(Source data)
lemma prob_space_bernoulli_reward: "prob_space (bernoulli_reward p M)"
  unfolding bernoulli_reward_def
  by (intro prob_space.prob_space_distr) (auto simp: prob_space_measure_pmf)

lemma sets_bernoulli_reward: "sets (bernoulli_reward p M) = sets borel"
  by (simp add: bernoulli_reward_def)

lemma AE_bernoulli_reward: "AE y in bernoulli_reward p M. y = 0 \<or> y = M"
  unfolding bernoulli_reward_def by (subst AE_distr_iff) (auto simp: AE_measure_pmf_iff)

lemma nn_integral_bernoulli_reward:
  assumes "0 \<le> p" "p \<le> 1" "g \<in> borel_measurable borel"
  shows "(\<integral>\<^sup>+ y. g y \<partial>bernoulli_reward p M) = g M * p + g 0 * (1 - p)"
  using assms unfolding bernoulli_reward_def by (subst nn_integral_distr) auto

definition certain_reward :: "nat \<Rightarrow> real" where
  "certain_reward j = (if j = 1 then 1 else 0)"

definition hard_rewards :: "nat \<Rightarrow> real \<Rightarrow> nat \<Rightarrow> real measure" where
  "hard_rewards w p j =
     (if j = Suc w then bernoulli_reward p (1 / p) else return borel (certain_reward j))"

lemma hard_rewards_last: "hard_rewards w p (Suc w) = bernoulli_reward p (1 / p)"
  by (simp add: hard_rewards_def)

lemma hard_rewards_certain:
  "j \<noteq> Suc w \<Longrightarrow> hard_rewards w p j = return borel (certain_reward j)"
  by (simp add: hard_rewards_def)

lemma prob_space_hard_rewards: "prob_space (hard_rewards w p j)"
  by (cases "j = Suc w")
    (simp_all add: hard_rewards_last hard_rewards_certain prob_space_bernoulli_reward
      prob_space_return)

lemma sets_hard_rewards: "sets (hard_rewards w p j) = sets borel"
  by (cases "j = Suc w") (simp_all add: hard_rewards_last hard_rewards_certain sets_bernoulli_reward)

lemma AE_hard_rewards_certain:
  assumes "j \<noteq> Suc w"
  shows "AE y in hard_rewards w p j. y = certain_reward j"
  unfolding hard_rewards_certain[OF assms] by (rule AE_return[THEN iffD2]) auto

lemma AE_hard_rewards_nonneg:
  assumes "0 \<le> p"
  shows "AE y in hard_rewards w p j. 0 \<le> y"
proof (cases "j = Suc w")
  case True
  show ?thesis
    using AE_bernoulli_reward[where p = p and M = "1 / p"] assms
    unfolding True hard_rewards_last by (auto elim!: eventually_mono)
next
  case False
  then show ?thesis
    using AE_hard_rewards_certain[OF False, of p] by (auto simp: certain_reward_def)
qed

context
  fixes n w :: nat and p :: real
  assumes w: "0 < w" "w < n" and p: "0 < p" "p < 1"
begin

private abbreviation "P \<equiv> PiM {1..n} (hard_rewards w p)"

private lemma AE_hard_rewards_vector:
  "AE x in P. (\<forall>j\<in>{1..n} - {Suc w}. x j = certain_reward j) \<and> 0 \<le> x (Suc w)"
proof -
  have "AE x in P. \<forall>j\<in>{1..n} - {Suc w}. x j = certain_reward j"
    by (intro eventually_ball_finite ballI AE_PiM_component prob_space_hard_rewards
        AE_hard_rewards_certain) auto
  moreover have "AE x in P. 0 \<le> x (Suc w)"
    using w p by (intro AE_PiM_component prob_space_hard_rewards AE_hard_rewards_nonneg) auto
  ultimately show ?thesis by eventually_elim blast
qed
(End Source data)
What you will do
Start with the first line of the data and print every line exactly. The line containing "y in bernoulli_reward" is the last one to include.

Answer to the problem
lemma prob_space_bernoulli_reward: "prob_space (bernoulli_reward p M)"
  unfolding bernoulli_reward_def
  by (intro prob_space.prob_space_distr) (auto simp: prob_space_measure_pmf)

lemma sets_bernoulli_reward: "sets (bernoulli_reward p M) = sets borel"
  by (simp add: bernoulli_reward_def)

lemma AE_bernoulli_reward: "AE y in bernoulli_reward p M. y = 0 \<or> y = M"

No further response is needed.